Religious Practices with Children
Most parents in the U.S. report engaging in a variety of
religious activities with their children. More than six-in-ten parents (63%) with children at home, for instance, say they pray or read Scripture with their children, while nearly as many (60%) send their children to religious education programs. Mormons and members of historically black and evangelical churches stand out as particularly likely to pursue these activities with their children, though many parents in other religious groups also engage in these activities. Two-thirds of Hindus, for instance, pray or read Scripture with their children, and roughly six-in-ten members of mainline churches (62%), Jews (56%) and Orthodox Christians (58%) send their children to religious education programs. Far fewer parents (15%) choose either to send their children to religious schools instead of public schools or to home school them. Interestingly, though, this practice is most common among Jews (27%) and Orthodox Christians (30%), two groups that do not tend to stand out for high levels of religious involvement on many other measures.
Sharing Faith With Others
About one-in-three affiliated adults (36%) say they share their faith with others at least once a month. Nearly half (47%) say they seldom or never share their faith or views on God with people from other religious backgrounds, and an additional 14% say this is something they do only once or twice a year. Here again, however, certain groups stand out for the emphasis they place on sharing their faith. More than eight-in-ten Jehovah’s Witnesses (84%) share their faith with others every month, as do 55% of members of historically black churches, 52% of members of evangelical churches and 47% of Mormons. This practice is less common among most other religious traditions.
Religion, Moral Values and Modern Society
More than three-quarters of American adults (78%) believe there are absolute standards of right and wrong, with a majority (52%) saying they rely primarily on practical experience and common sense for guidance regarding right and wrong. Far fewer say they rely mainly on their religious beliefs (29%), and fewer still say they rely on philosophy and reason (9%) or scientific information (5%). Only among Jehovah’s Witnesses (73%), Mormons (58%) and members of evangelical churches (52%) do majorities say they rely primarily on their religion for guidance about right and wrong.
Religion and Society
A solid majority of Americans (62%) reject the idea that religion causes
more problems in society than it solves. This figure includes majorities of most Christian traditions and more than two-thirds of Muslims (68%). In contrast, nearly half of Jews (49%) and more than half of Buddhists (56%), Hindus (57%) and the unaffiliated (59%) say religion causes more problems than it solves. Indeed, more than three-quarters of atheists (77%) believe religion causes more problems than it solves, with nearly half (49%) of atheists completely agreeing with this statement.

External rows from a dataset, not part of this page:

text \<open>Double counting of pairs \<open>(\<tau>, p)\<close>; by exchangeability every injective \<open>\<tau>\<close> sees the same
  number of parking functions.\<close>

lemma card_injections_mult_card_parking_event:
  assumes "k \<le> n"
  shows "card (injections k n) * card {p \<in> parking_functions n. \<forall>j\<in>{1..k}. p j \<le> i j}
           = (\<Sum>p\<in>parking_functions n. card {\<tau> \<in> injections k n. \<forall>j\<in>{1..k}. p (\<tau> j) \<le> i j})"
proof -
  have "(\<Sum>\<tau>\<in>injections k n. card {p \<in> parking_functions n. \<forall>j\<in>{1..k}. p (\<tau> j) \<le> i j})
          = (\<Sum>\<tau>\<in>injections k n. card {p \<in> parking_functions n. \<forall>j\<in>{1..k}. p j \<le> i j})"
  proof (rule sum.cong[OF refl])
    fix \<tau> assume "\<tau> \<in> injections k n"
    then show "card {p \<in> parking_functions n. \<forall>j\<in>{1..k}. p (\<tau> j) \<le> i j}
                 = card {p \<in> parking_functions n. \<forall>j\<in>{1..k}. p j \<le> i j}"
      using assms by (intro card_parking_event_reindex) (auto simp: injections_def PiE_iff)
  qed
  then have "card (injections k n) * card {p \<in> parking_functions n. \<forall>j\<in>{1..k}. p j \<le> i j}
          = (\<Sum>\<tau>\<in>injections k n. card {p \<in> parking_functions n. \<forall>j\<in>{1..k}. p (\<tau> j) \<le> i j})"
    by simp
  also have "\<dots> = (\<Sum>\<tau>\<in>injections k n. \<Sum>p\<in>{p \<in> parking_functions n. \<forall>j\<in>{1..k}. p (\<tau> j) \<le> i j}. 1)"
    by simp
  also have "\<dots> = (\<Sum>p\<in>parking_functions n. \<Sum>\<tau>\<in>{\<tau> \<in> injections k n. \<forall>j\<in>{1..k}. p (\<tau> j) \<le> i j}. 1)"
    by (rule sum.swap_restrict[OF finite_injections finite_parking_functions])
  also have "\<dots> = (\<Sum>p\<in>parking_functions n. card {\<tau> \<in> injections k n. \<forall>j\<in>{1..k}. p (\<tau> j) \<le> i j})"
    by simp
  finally show ?thesis .
qed
(* For every $h\ge 1$, every ray $\rho$ with $|\rho|\le h$, and every neighbor $\tau$ of $\rho$ in $\Sigma_h$, one has $|u_\tau|\ge h-|u_\rho|$.
   Context: A ray is a half-line $\rho=\mathbb{R}_{\ge 0}v\subset\mathbb{R}^2$ with $v\in\mathbb{Z}^2\setminus\{0\}$; $u_\rho$ is its primitive lattice generator. On $\mathbb{Z}^2$ use the norm $|(x,y)|=\max\{|x|,|y|\}$, and $|\rho|=|u_\rho|$. $\Sigma_h$ is the complete fan whose rays are all rays $\rho$ with $|\rho|\le h$ and whose $2$-dimensional cones are spanned by angularly consecutive such rays. The neighbors of $\rho\in\Sigma_h(1)$ are the two rays of $\Sigma_h$ adjacent to $\rho$ in angular order. *)

theory Defs
  imports "HOL-Analysis.Analysis"
begin

text \<open>A ray is represented by its primitive lattice generator u in Z^2
  (a nonzero integer vector with coprime coordinates).\<close>

definition primitive :: "int \<times> int \<Rightarrow> bool" where
  "primitive v \<longleftrightarrow> v \<noteq> (0,0) \<and> gcd (fst v) (snd v) = 1"

definition maxnorm :: "int \<times> int \<Rightarrow> int" where
  "maxnorm v = max \<bar>fst v\<bar> \<bar>snd v\<bar>"

definition rays :: "int \<Rightarrow> (int \<times> int) set" where
  "rays h = {u. primitive u \<and> maxnorm u \<le> h}"

definition ang :: "int \<times> int \<Rightarrow> real" where
  "ang v = Arg (Complex (of_int (fst v)) (of_int (snd v)))"

text \<open>Counterclockwise angular distance from u to v, in (0, 2 pi] (2 pi if equal angle).\<close>
definition ccw_dist :: "int \<times> int \<Rightarrow> int \<times> int \<Rightarrow> real" where
  "ccw_dist u v = (if ang u < ang v then ang v - ang u else ang v - ang u + 2 * pi)"

definition neighbor :: "int \<Rightarrow> int \<times> int \<Rightarrow> int \<times> int \<Rightarrow> bool" where
  "neighbor h \<rho> \<tau> \<longleftrightarrow> \<tau> \<in> rays h \<and> \<tau> \<noteq> \<rho> \<and>
     ((\<forall>\<sigma>\<in>rays h. \<sigma> \<noteq> \<rho> \<longrightarrow> ccw_dist \<rho> \<tau> \<le> ccw_dist \<rho> \<sigma>) \<or>
      (\<forall>\<sigma>\<in>rays h. \<sigma> \<noteq> \<rho> \<longrightarrow> ccw_dist \<tau> \<rho> \<le> ccw_dist \<sigma> \<rho>))"

end

theory Submission
  imports Defs
begin

text \<open>If \<open>|\<rho>| + |\<tau>| < h\<close> then the primitive vector on the ray through \<open>u\<^sub>\<rho> + u\<^sub>\<tau>\<close> still
  lies in \<open>\<Sigma>\<^sub>h\<close>. The rotation of \<open>u\<^sub>\<rho>\<close> by a right angle (in the direction of \<open>\<tau>\<close>) is also
  a ray of \<open>\<Sigma>\<^sub>h\<close>, so consecutive rays are less than \<open>\<pi>\<close> apart; then \<open>u\<^sub>\<rho> + u\<^sub>\<tau>\<close> lies
  strictly inside the cone spanned by \<open>\<rho>\<close> and \<open>\<tau>\<close>, contradicting adjacency.\<close>

definition lattice_complex :: "int \<times> int \<Rightarrow> complex" where
  "lattice_complex u = Complex (of_int (fst u)) (of_int (snd u))"

definition cross :: "int \<times> int \<Rightarrow> int \<times> int \<Rightarrow> int" where
  "cross u v = fst u * snd v - snd u * fst v"

lemma norm_lattice_complex_pos: "u \<noteq> (0, 0) \<Longrightarrow> 0 < cmod (lattice_complex u)"
  unfolding lattice_complex_def by (cases u) (auto simp: complex_eq_iff)

lemma lattice_complex_polar:
  "cmod (lattice_complex u) * cos (ang u) = of_int (fst u)"
  "cmod (lattice_complex u) * sin (ang u) = of_int (snd u)"
proof -
  have "rcis (cmod (lattice_complex u)) (ang u) = lattice_complex u"
    unfolding ang_def lattice_complex_def by (rule rcis_cmod_Arg)
  then show "cmod (lattice_complex u) * cos (ang u) = of_int (fst u)"
    "cmod (lattice_complex u) * sin (ang u) = of_int (snd u)"
    by (metis Re_rcis Im_rcis lattice_complex_def complex.sel)+
qed

lemma ang_scale_pos:
  assumes "(g::int) > 0"
  shows "ang (g * a, g * b) = ang (a, b)"
proof -
  have "Complex (of_int (g * a)) (of_int (g * b)) = of_real (of_int g) * Complex (of_int a) (of_int b)"
    by (simp add: complex_eq_iff)
  moreover have "Arg (of_real (of_int g) * Complex (of_int a) (of_int b)) = Arg (Complex (of_int a) (of_int b))"
    using assms by (intro Arg_times_of_real) simp
  ultimately show ?thesis
    unfolding ang_def by simp
qed

lemma ccw_dist_cases: "ccw_dist u v = ang v - ang u \<or> ccw_dist u v = ang v - ang u + 2 * pi"
  unfolding ccw_dist_def by auto

lemma ccw_dist_bounds: "0 < ccw_dist u v" "ccw_dist u v \<le> 2 * pi"
  using Arg_bounded[of "Complex (of_int (fst u)) (of_int (snd u))"]
    Arg_bounded[of "Complex (of_int (fst v)) (of_int (snd v))"]
  unfolding ccw_dist_def ang_def by auto

lemma ccw_dist_self [simp]: "ccw_dist u u = 2 * pi"
  unfolding ccw_dist_def by simp

lemma cross_eq_sin_ccw_dist:
  "of_int (cross u v) = cmod (lattice_complex u) * cmod (lattice_complex v) * sin (ccw_dist u v)"
proof -
  have sin_eq: "sin (ccw_dist u v) = sin (ang v - ang u)"
    using ccw_dist_cases[of u v] by (auto simp: sin_periodic)
  have "of_int (cross u v) =
      (cmod (lattice_complex u) * cos (ang u)) * (cmod (lattice_complex v) * sin (ang v))
    - (cmod (lattice_complex u) * sin (ang u)) * (cmod (lattice_complex v) * cos (ang v))"
    by (simp add: lattice_complex_polar cross_def)
  then show ?thesis
    unfolding sin_eq sin_diff by (simp add: algebra_simps)
qed

lemma cross_pos_iff_ccw_dist_less_pi:
  assumes "u \<noteq> (0, 0)" "v \<noteq> (0, 0)"
  shows "0 < cross u v \<longleftrightarrow> ccw_dist u v < pi"
proof -
  have norms: "0 < cmod (lattice_complex u) * cmod (lattice_complex v)"
    using assms by (intro mult_pos_pos norm_lattice_complex_pos)
  have "0 < cross u v \<longleftrightarrow> 0 < real_of_int (cross u v)"
    by simp
  also have "\<dots> \<longleftrightarrow> 0 < sin (ccw_dist u v)"
    unfolding cross_eq_sin_ccw_dist using mult_less_cancel_left_pos[OF norms, of 0] by simp
  also have "\<dots> \<longleftrightarrow> ccw_dist u v < pi"
  proof
    assume sin_pos: "0 < sin (ccw_dist u v)"
    show "ccw_dist u v < pi"
    proof (rule ccontr)
      assume "\<not> ccw_dist u v < pi"
      moreover have "ccw_dist u v \<noteq> 2 * pi"
        using sin_pos by auto
      ultimately have "sin (ccw_dist u v) \<le> 0"
        using ccw_dist_bounds(2)[of u v] by (intro sin_le_zero) auto
      with sin_pos show False by simp
    qed
  next
    show "ccw_dist u v < pi \<Longrightarrow> 0 < sin (ccw_dist u v)"
      using ccw_dist_bounds(1) by (rule sin_gt_zero)
  qed
  finally show ?thesis .
qed

text \<open>The three distances are each in \<open>(0, \<pi>)\<close>, and the two sides agree modulo \<open>2\<pi>\<close>.\<close>

lemma ccw_dist_add_split:
  assumes "0 < cross u v"
  defines "w \<equiv> (fst u + fst v, snd u + snd v)"
  shows "ccw_dist u w + ccw_dist w v = ccw_dist u v"
proof -
  have nonzero: "x \<noteq> (0, 0)" if "0 < cross x y \<or> 0 < cross y x" for x y
    using that by (auto simp: cross_def)
  have "cross u w = cross u v" "cross w v = cross u v"
    unfolding w_def cross_def by (simp_all add: algebra_simps)
  with assms have "ccw_dist u w < pi" "ccw_dist w v < pi" "ccw_dist u v < pi"
    using cross_pos_iff_ccw_dist_less_pi nonzero by metis+
  then show ?thesis
    using ccw_dist_cases[of u w] ccw_dist_cases[of w v] ccw_dist_cases[of u v]
      ccw_dist_bounds[of u w] ccw_dist_bounds[of w v] ccw_dist_bounds[of u v]
    by auto
qed

lemma rays_nonzero: "u \<in> rays h \<Longrightarrow> u \<noteq> (0, 0)"
  unfolding rays_def primitive_def by simp

lemma rays_rotate:
  assumes "(a, b) \<in> rays h"
  shows "(- b, a) \<in> rays h" "(b, - a) \<in> rays h"
  using assms unfolding rays_def primitive_def maxnorm_def by (auto simp: gcd.commute)

lemma primitive_part:
  assumes "w \<noteq> (0, 0)"
  obtains w' where "primitive w'" "maxnorm w' \<le> maxnorm w" "ang w' = ang w"
proof -
  obtain w1 w2 where w: "w = (w1, w2)" by fastforce
  define g where "g = gcd w1 w2"
  have "g > 0" using assms unfolding w g_def by simp
  have w1: "w1 = g * (w1 div g)" and w2: "w2 = g * (w2 div g)" unfolding g_def by simp_all
  have "gcd (w1 div g) (w2 div g) = 1"
    using assms div_gcd_coprime[of w1 w2] unfolding w g_def coprime_iff_gcd_eq_1 by simp
  moreover have "(w1 div g, w2 div g) \<noteq> (0, 0)"
  proof
    assume "(w1 div g, w2 div g) = (0, 0)"
    then have "w = (0, 0)" unfolding w using w1 w2 by simp
    with assms show False ..
  qed
  ultimately have "primitive (w1 div g, w2 div g)"
    unfolding primitive_def by simp
  moreover have "\<bar>x div g\<bar> \<le> \<bar>x\<bar>" if x: "x = g * (x div g)" for x
  proof -
    have "\<bar>x div g\<bar> \<le> g * \<bar>x div g\<bar>" using \<open>g > 0\<close> by (simp add: mult_le_cancel_right1)
    also have "\<dots> = \<bar>x\<bar>" using \<open>g > 0\<close> by (subst (2) x) (simp add: abs_mult)
    finally show ?thesis .
  qed
  then have "\<bar>w1 div g\<bar> \<le> \<bar>w1\<bar>" "\<bar>w2 div g\<bar> \<le> \<bar>w2\<bar>"
    using w1 w2 by blast+
  then have "maxnorm (w1 div g, w2 div g) \<le> maxnorm w"
    unfolding maxnorm_def w by auto
  moreover have "ang (w1 div g, w2 div g) = ang w"
    using ang_scale_pos[OF \<open>g > 0\<close>, of "w1 div g" "w2 div g"] w1 w2 unfolding w by simp
  ultimately show ?thesis using that by blast
qed

lemma short_rays_sum_between:
  assumes "u \<in> rays h" "v \<in> rays h" "maxnorm u + maxnorm v < h" "0 < cross u v"
  obtains \<sigma> where "\<sigma> \<in> rays h" "\<sigma> \<noteq> u" "\<sigma> \<noteq> v"
    "ccw_dist u \<sigma> < ccw_dist u v" "ccw_dist \<sigma> v < ccw_dist u v"
proof -
  define w where "w = (fst u + fst v, snd u + snd v)"
  have "w \<noteq> (0, 0)" using assms(4) unfolding w_def cross_def by (auto simp: add_eq_0_iff)
  then obtain \<sigma> where "primitive \<sigma>" "maxnorm \<sigma> \<le> maxnorm w" and ang: "ang \<sigma> = ang w"
    by (rule primitive_part)
  moreover have "maxnorm w \<le> maxnorm u + maxnorm v"
    unfolding w_def maxnorm_def by auto
  ultimately have "\<sigma> \<in> rays h" using assms(3) unfolding rays_def by auto
  have "ccw_dist u \<sigma> = ccw_dist u w" "ccw_dist \<sigma> v = ccw_dist w v"
    unfolding ccw_dist_def ang by simp_all
  with ccw_dist_add_split[OF assms(4)]
  have split: "ccw_dist u \<sigma> + ccw_dist \<sigma> v = ccw_dist u v"
    unfolding w_def by simp
  have "ccw_dist u v < pi"
    using assms cross_pos_iff_ccw_dist_less_pi rays_nonzero by blast
  with split ccw_dist_bounds[of u \<sigma>] ccw_dist_bounds[of \<sigma> v]
  have "ccw_dist u \<sigma> < ccw_dist u v" "ccw_dist \<sigma> v < ccw_dist u v"
    and "ccw_dist u \<sigma> < pi" "ccw_dist \<sigma> v < pi"
    by linarith+
  moreover from this have "\<sigma> \<noteq> u" "\<sigma> \<noteq> v"
    using pi_gt_zero by auto
  ultimately show ?thesis
    using that \<open>\<sigma> \<in> rays h\<close> by blast
qed

lemma ccw_neighbor_cross_pos:
  assumes "\<rho> \<in> rays h" "\<tau> \<in> rays h"
    and nearest: "\<forall>\<sigma>\<in>rays h. \<sigma> \<noteq> \<rho> \<longrightarrow> ccw_dist \<rho> \<tau> \<le> ccw_dist \<rho> \<sigma>"
  shows "0 < cross \<rho> \<tau>"
proof -
  obtain a b where \<rho>: "\<rho> = (a, b)" by fastforce
  have "(a, b) \<noteq> (0, 0)" using assms(1) rays_nonzero \<rho> by blast
  then have "0 < cross \<rho> (- b, a)" "(- b, a) \<noteq> (0, 0)" "(- b, a) \<noteq> \<rho>"
    unfolding \<rho> cross_def by (auto simp: sum_squares_gt_zero_iff)
  moreover have "(- b, a) \<in> rays h"
    using assms(1) rays_rotate(1) unfolding \<rho> by blast
  ultimately have "ccw_dist \<rho> \<tau> \<le> ccw_dist \<rho> (- b, a)" "ccw_dist \<rho> (- b, a) < pi"
    using nearest cross_pos_iff_ccw_dist_less_pi rays_nonzero assms(1) by blast+
  then show ?thesis
    using cross_pos_iff_ccw_dist_less_pi rays_nonzero assms(1,2) by (meson order.strict_trans1)
qed

lemma cw_neighbor_cross_pos:
  assumes "\<rho> \<in> rays h" "\<tau> \<in> rays h"
    and nearest: "\<forall>\<sigma>\<in>rays h. \<sigma> \<noteq> \<rho> \<longrightarrow> ccw_dist \<tau> \<rho> \<le> ccw_dist \<sigma> \<rho>"
  shows "0 < cross \<tau> \<rho>"
proof -
  obtain a b where \<rho>: "\<rho> = (a, b)" by fastforce
  have "(a, b) \<noteq> (0, 0)" using assms(1) rays_nonzero \<rho> by blast
  then have "0 < cross (b, - a) \<rho>" "(b, - a) \<noteq> (0, 0)" "(b, - a) \<noteq> \<rho>"
    unfolding \<rho> cross_def by (auto simp: sum_squares_gt_zero_iff)
  moreover have "(b, - a) \<in> rays h"
    using assms(1) rays_rotate(2) unfolding \<rho> by blast
  ultimately have "ccw_dist \<tau> \<rho> \<le> ccw_dist (b, - a) \<rho>" "ccw_dist (b, - a) \<rho> < pi"
    using nearest cross_pos_iff_ccw_dist_less_pi rays_nonzero assms(1) by blast+
  then show ?thesis
    using cross_pos_iff_ccw_dist_less_pi rays_nonzero assms(1,2) by (meson order.strict_trans1)
qed

theorem mainTheorem10:
  fixes h :: int and \<rho> \<tau> :: "int \<times> int"
  assumes "h \<ge> 1" and "\<rho> \<in> rays h" and "neighbor h \<rho> \<tau>"
  shows "maxnorm \<tau> \<ge> h - maxnorm \<rho>"
proof (rule ccontr)
  assume "\<not> ?thesis"
  then have short: "maxnorm \<rho> + maxnorm \<tau> < h" "maxnorm \<tau> + maxnorm \<rho> < h" by simp_all
  have \<tau>: "\<tau> \<in> rays h" using assms(3) unfolding neighbor_def by blast
  from assms(3) consider
      (ccw) "\<forall>\<sigma>\<in>rays h. \<sigma> \<noteq> \<rho> \<longrightarrow> ccw_dist \<rho> \<tau> \<le> ccw_dist \<rho> \<sigma>"
    | (cw) "\<forall>\<sigma>\<in>rays h. \<sigma> \<noteq> \<rho> \<longrightarrow> ccw_dist \<tau> \<rho> \<le> ccw_dist \<sigma> \<rho>"
    unfolding neighbor_def by blast
  then show False
  proof cases
    case ccw
    then have "0 < cross \<rho> \<tau>" using assms(2) \<tau> by (rule ccw_neighbor_cross_pos[rotated 2])
    with assms(2) \<tau> short(1) obtain \<sigma>
      where "\<sigma> \<in> rays h" "\<sigma> \<noteq> \<rho>" "ccw_dist \<rho> \<sigma> < ccw_dist \<rho> \<tau>"
      by (rule short_rays_sum_between)
    with ccw show False by fastforce
  next
    case cw
    then have "0 < cross \<tau> \<rho>" using assms(2) \<tau> by (rule cw_neighbor_cross_pos[rotated 2])
    with \<tau> assms(2) short(2) obtain \<sigma>
      where "\<sigma> \<in> rays h" "\<sigma> \<noteq> \<rho>" "ccw_dist \<sigma> \<rho> < ccw_dist \<tau> \<rho>"
      by (rule short_rays_sum_between)
    with cw show False by fastforce
  qed
qed

end
(* Let $\mathbb P$ be an atomless probability measure and $Y_1\le Y_2$ nonnegative random variables with $\mathbb E^{\mathbb P}(Y_1)<1<\mathbb E^{\mathbb P}(Y_2)<\infty$. Let $\overline{\mathbb Q}(A)=\sup_{\mathbb Q\in\mathcal P(\mathbb P,Y_1,Y_2)}\mathbb Q(A)$. For $A\in\mathcal F$: if $\mathbb E^{\mathbb P}(Y_2\mathds 1_A+Y_1\mathds 1_{A^c})\le1$, then $\overline{\mathbb Q}(A)=\mathbb E^{\mathbb P}(Y_2\mathds 1_A)$; if $\mathbb E^{\mathbb P}(Y_2\mathds 1_A+Y_1\mathds 1_{A^c})>1$, then $\overline{\mathbb Q}(A)=\mathbb E^{\mathbb P}(Y_2\mathds 1_B+Y_1\mathds 1_{A\setminus B})$ for any measurable $B\subseteq A$ with $\mathbb E^{\mathbb P}(Y_2\mathds 1_B+Y_1\mathds 1_{B^c})=1$ (such $B$ exist).
   Context: $\mathcal P(\mathbb P,Y_1,Y_2)=\{\mathbb Q \text{ probability on }(\Omega,\mathcal F):\mathbb Q\ll\mathbb P,\ Y_1\le \mathrm d\mathbb Q/\mathrm d\mathbb P\le Y_2\ \mathbb P\text{-a.s.}\}$. *)

theory Defs
  imports "HOL-Probability.Probability"
begin

definition atomless :: "'a measure \<Rightarrow> bool" where
  "atomless M \<longleftrightarrow> (\<forall>A\<in>sets M. 0 < emeasure M A \<longrightarrow>
     (\<exists>B\<in>sets M. B \<subseteq> A \<and> 0 < emeasure M B \<and> emeasure M B < emeasure M A))"

definition dens_set :: "'a measure \<Rightarrow> ('a \<Rightarrow> real) \<Rightarrow> ('a \<Rightarrow> real) \<Rightarrow> 'a measure set" where
  "dens_set M Y1 Y2 = {Q. sets Q = sets M \<and> prob_space Q \<and> absolutely_continuous M Q \<and>
     (AE x in M. ennreal (Y1 x) \<le> RN_deriv M Q x \<and> RN_deriv M Q x \<le> ennreal (Y2 x))}"

definition upper_prob :: "'a measure \<Rightarrow> ('a \<Rightarrow> real) \<Rightarrow> ('a \<Rightarrow> real) \<Rightarrow> 'a set \<Rightarrow> real" where
  "upper_prob M Y1 Y2 A = (SUP Q \<in> dens_set M Y1 Y2. measure Q A)"

end

theory Submission
  imports Defs
begin

(* Every Q in P(P,Y1,Y2) is the density measure of some Z with Y1 <= Z <= Y2 a.e. and E Z = 1,
   so Q(A) = E(Z 1_A) is bounded both by E(Y2 1_A) and by 1 - E(Y1 1_(A^c)). The smaller bound is
   attained by a density equal to Y2 on a set B and to Y1 off B: its total mass is E Y1 + nu(B),
   where nu has density Y2 - Y1. Since P is atomless, so is nu, and by Sierpinski's theorem nu takes
   every intermediate value on subsets of a given set. Taking B with nu(B) = 1 - E Y1 and B containing A
   (if E(Y2 1_A) is the smaller bound) or B inside A (otherwise) shows that the upper probability
   of A is min (E(Y2 1_A)) (1 - E(Y1 1_(A^c))), which is the claimed value in both cases. *)

section \<open>Atomless measures\<close>

lemma atomless_ex_small_subset:
  assumes "finite_measure N" "atomless N" and C: "C \<in> sets N" "0 < measure N C" and "0 < e"
  shows "\<exists>D\<in>sets N. D \<subseteq> C \<and> 0 < measure N D \<and> measure N D < e"
proof -
  interpret finite_measure N by fact
  have halving: "\<exists>D\<in>sets N. D \<subseteq> C \<and> 0 < measure N D \<and> measure N D \<le> measure N C / 2 ^ n" for n
  proof (induction n)
    case 0
    then show ?case using C by auto
  next
    case (Suc n)
    then obtain D where D: "D \<in> sets N" "D \<subseteq> C" "0 < measure N D" "measure N D \<le> measure N C / 2 ^ n"
      by blast
    then obtain E where E: "E \<in> sets N" "E \<subseteq> D" "0 < emeasure N E" "emeasure N E < emeasure N D"
      using \<open>atomless N\<close> unfolding atomless_def by (auto simp: emeasure_eq_measure)
    then have "0 < measure N E" "0 < measure N (D - E)"
      using D E by (auto simp: emeasure_eq_measure finite_measure_Diff ennreal_less_iff)
    moreover have "measure N E + measure N (D - E) = measure N D"
      using D E by (simp add: finite_measure_Diff)
    ultimately have "measure N E \<le> measure N C / 2 ^ Suc n \<or> measure N (D - E) \<le> measure N C / 2 ^ Suc n"
      using D(4) by auto
    then show ?case
      using D E \<open>0 < measure N E\<close> \<open>0 < measure N (D - E)\<close> by blast
  qed
  obtain n :: nat where "measure N C / e < 2 ^ n"
    using real_arch_pow[of 2] by auto
  then have "measure N C / 2 ^ n < e"
    using \<open>0 < e\<close> by (simp add: pos_divide_less_eq mult.commute)
  moreover obtain D where "D \<in> sets N" "D \<subseteq> C" "0 < measure N D" "measure N D \<le> measure N C / 2 ^ n"
    using halving by blast
  ultimately show ?thesis by (intro bexI[of _ D]) auto
qed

Although a majority of Americans (54%) who have a particular religious affiliation say they do not see a conflict between being a devout person and living in a modern society, a substantial minority across nearly all religious traditions believe that such a tension exists. This view is particularly prevalent among Jehovah’s Witnesses (59% say there is a conflict between being devout and living in a modern society) as well as members of evangelical and historically black Protestant churches, among whom 49% and 46%, respectively, share this view. Overall, those who attend religious services at least once a week (44%) or who say religion is very important in their lives (44%) are more likely to say there is a conflict than those who attend worship services less often (35%) or who say religion is less important in their lives (31%). Interestingly, a substantial number of adults who are not affiliated with a religion also sense that there is a conflict between religion and modern society – except for them the conflict involves being non-religious in a society where most people are religious. For instance, more than four-inten atheists and agnostics (44% and 41%, respectively) believe that such a tension exists.
Religion and Popular Culture
Many Americans also see a conflict between their values and
popular culture, as is evident in people’s views of Hollywood and the entertainment industry. Although a majority of adults (56%) reject the idea that Hollywood poses a threat to their values, a significant minority (42%) perceives such a threat. Among adults who are affiliated with a particular religious tradition, nearly half (45%) say Hollywood threatens their values. Concern with the values of the entertainment industry is particularly high among Mormons (67%), Jehovah’s Witnesses (54%) and members of evangelical Protestant churches (53%). The level of concern tends to be strongest among the most religiously active adults, as measured by such factors as frequency of prayer and attendance at worship services.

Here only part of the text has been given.